Exercise. Line by line, copy the data below exactly.

Input data.

lemma surplus_step_le:
  assumes "assumption1 P" and "assumption2 P L" and "\<eta> > 0"
    and bound: "\<And>i. \<bar>v $ i\<bar> \<le> umax"
    and x: "GDERIV (surplus P \<eta>) \<theta> :> x"
  shows "surplus P \<eta> (\<theta> + v) - surplus P \<eta> \<theta> - v \<bullet> x \<le> L * umax\<^sup>2 / (2 * \<eta>)"
proof -
  obtain g H where grad: "\<And>y. GDERIV (surplus P 1) y :> g y"
    and hess: "\<And>y. (g has_derivative (\<lambda>h. H y *v h)) (at y)"
    and trace: "\<And>y. 2 * trace (H y) \<le> L"
    using assms(2) unfolding assumption2_def by blast
  define \<theta>' v' where "\<theta>' = (1/\<eta>) *\<^sub>R \<theta>" and "v' = (1/\<eta>) *\<^sub>R v"
  have "x = g \<theta>'"
    unfolding \<theta>'_def by (rule GDERIV_unique[OF x GDERIV_surplus_scale[OF assms(3) grad]])
  then have "surplus P \<eta> (\<theta> + v) - surplus P \<eta> \<theta> - v \<bullet> x
      = \<eta> * (surplus P 1 (\<theta>' + v') - surplus P 1 \<theta>' - v' \<bullet> g \<theta>')"
    unfolding surplus_scale[OF assms(3)] \<theta>'_def v'_def
    using assms(3) by (simp add: scaleR_add_right algebra_simps)
  also have "\<dots> \<le> \<eta> * (L * (umax / \<eta>)\<^sup>2 / 2)"
  proof (intro mult_left_mono surplus_Taylor_remainder_le[OF assms(1) grad hess trace])
    show "\<bar>v' $ i\<bar> \<le> umax / \<eta>" for i
      using bound[of i] assms(3) by (simp add: v'_def abs_mult divide_simps)
  qed (use assms(3) in simp)
  also have "\<dots> = L * umax\<^sup>2 / (2 * \<eta>)"
    using assms(3) by (simp add: power2_eq_square field_simps)
  finally show ?thesis .
qed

Response area.
lemma surplus_step_le:
  assumes "assumption1 P" and "assumption2 P L" and "\<eta> > 0"
    and bound: "\<And>i. \<bar>v $ i\<bar> \<le> umax"
    and x: "GDERIV (surplus P \<eta>) \<theta> :> x"
  shows "surplus P \<eta> (\<theta> + v) - surplus P \<eta> \<theta> - v \<bullet> x \<le> L * umax\<^sup>2 / (2 * \<eta>)"
proof -
  obtain g H where grad: "\<And>y. GDERIV (surplus P 1) y :> g y"
    and hess: "\<And>y. (g has_derivative (\<lambda>h. H y *v h)) (at y)"
    and trace: "\<And>y. 2 * trace (H y) \<le> L"
    using assms(2) unfolding assumption2_def by blast
  define \<theta>' v' where "\<theta>' = (1/\<eta>) *\<^sub>R \<theta>" and "v' = (1/\<eta>) *\<^sub>R v"
  have "x = g \<theta>'"
    unfolding \<theta>'_def by (rule GDERIV_unique[OF x GDERIV_surplus_scale[OF assms(3) grad]])
  then have "surplus P \<eta> (\<theta> + v) - surplus P \<eta> \<theta> - v \<bullet> x
      = \<eta> * (surplus P 1 (\<theta>' + v') - surplus P 1 \<theta>' - v' \<bullet> g \<theta>')"
    unfolding surplus_scale[OF assms(3)] \<theta>'_def v'_def
    using assms(3) by (simp add: scaleR_add_right algebra_simps)
  also have "\<dots> \<le> \<eta> * (L * (umax / \<eta>)\<^sup>2 / 2)"
  proof (intro mult_left_mono surplus_Taylor_remainder_le[OF assms(1) grad hess trace])
    show "\<bar>v' $ i\<bar> \<le> umax / \<eta>" for i
      using bound[of i] assms(3) by (simp add: v'_def abs_mult divide_simps)
  qed (use assms(3) in simp)
  also have "\<dots> = L * umax\<^sup>2 / (2 * \<eta>)"
    using assms(3) by (simp add: power2_eq_square field_simps)
  finally show ?thesis .
qed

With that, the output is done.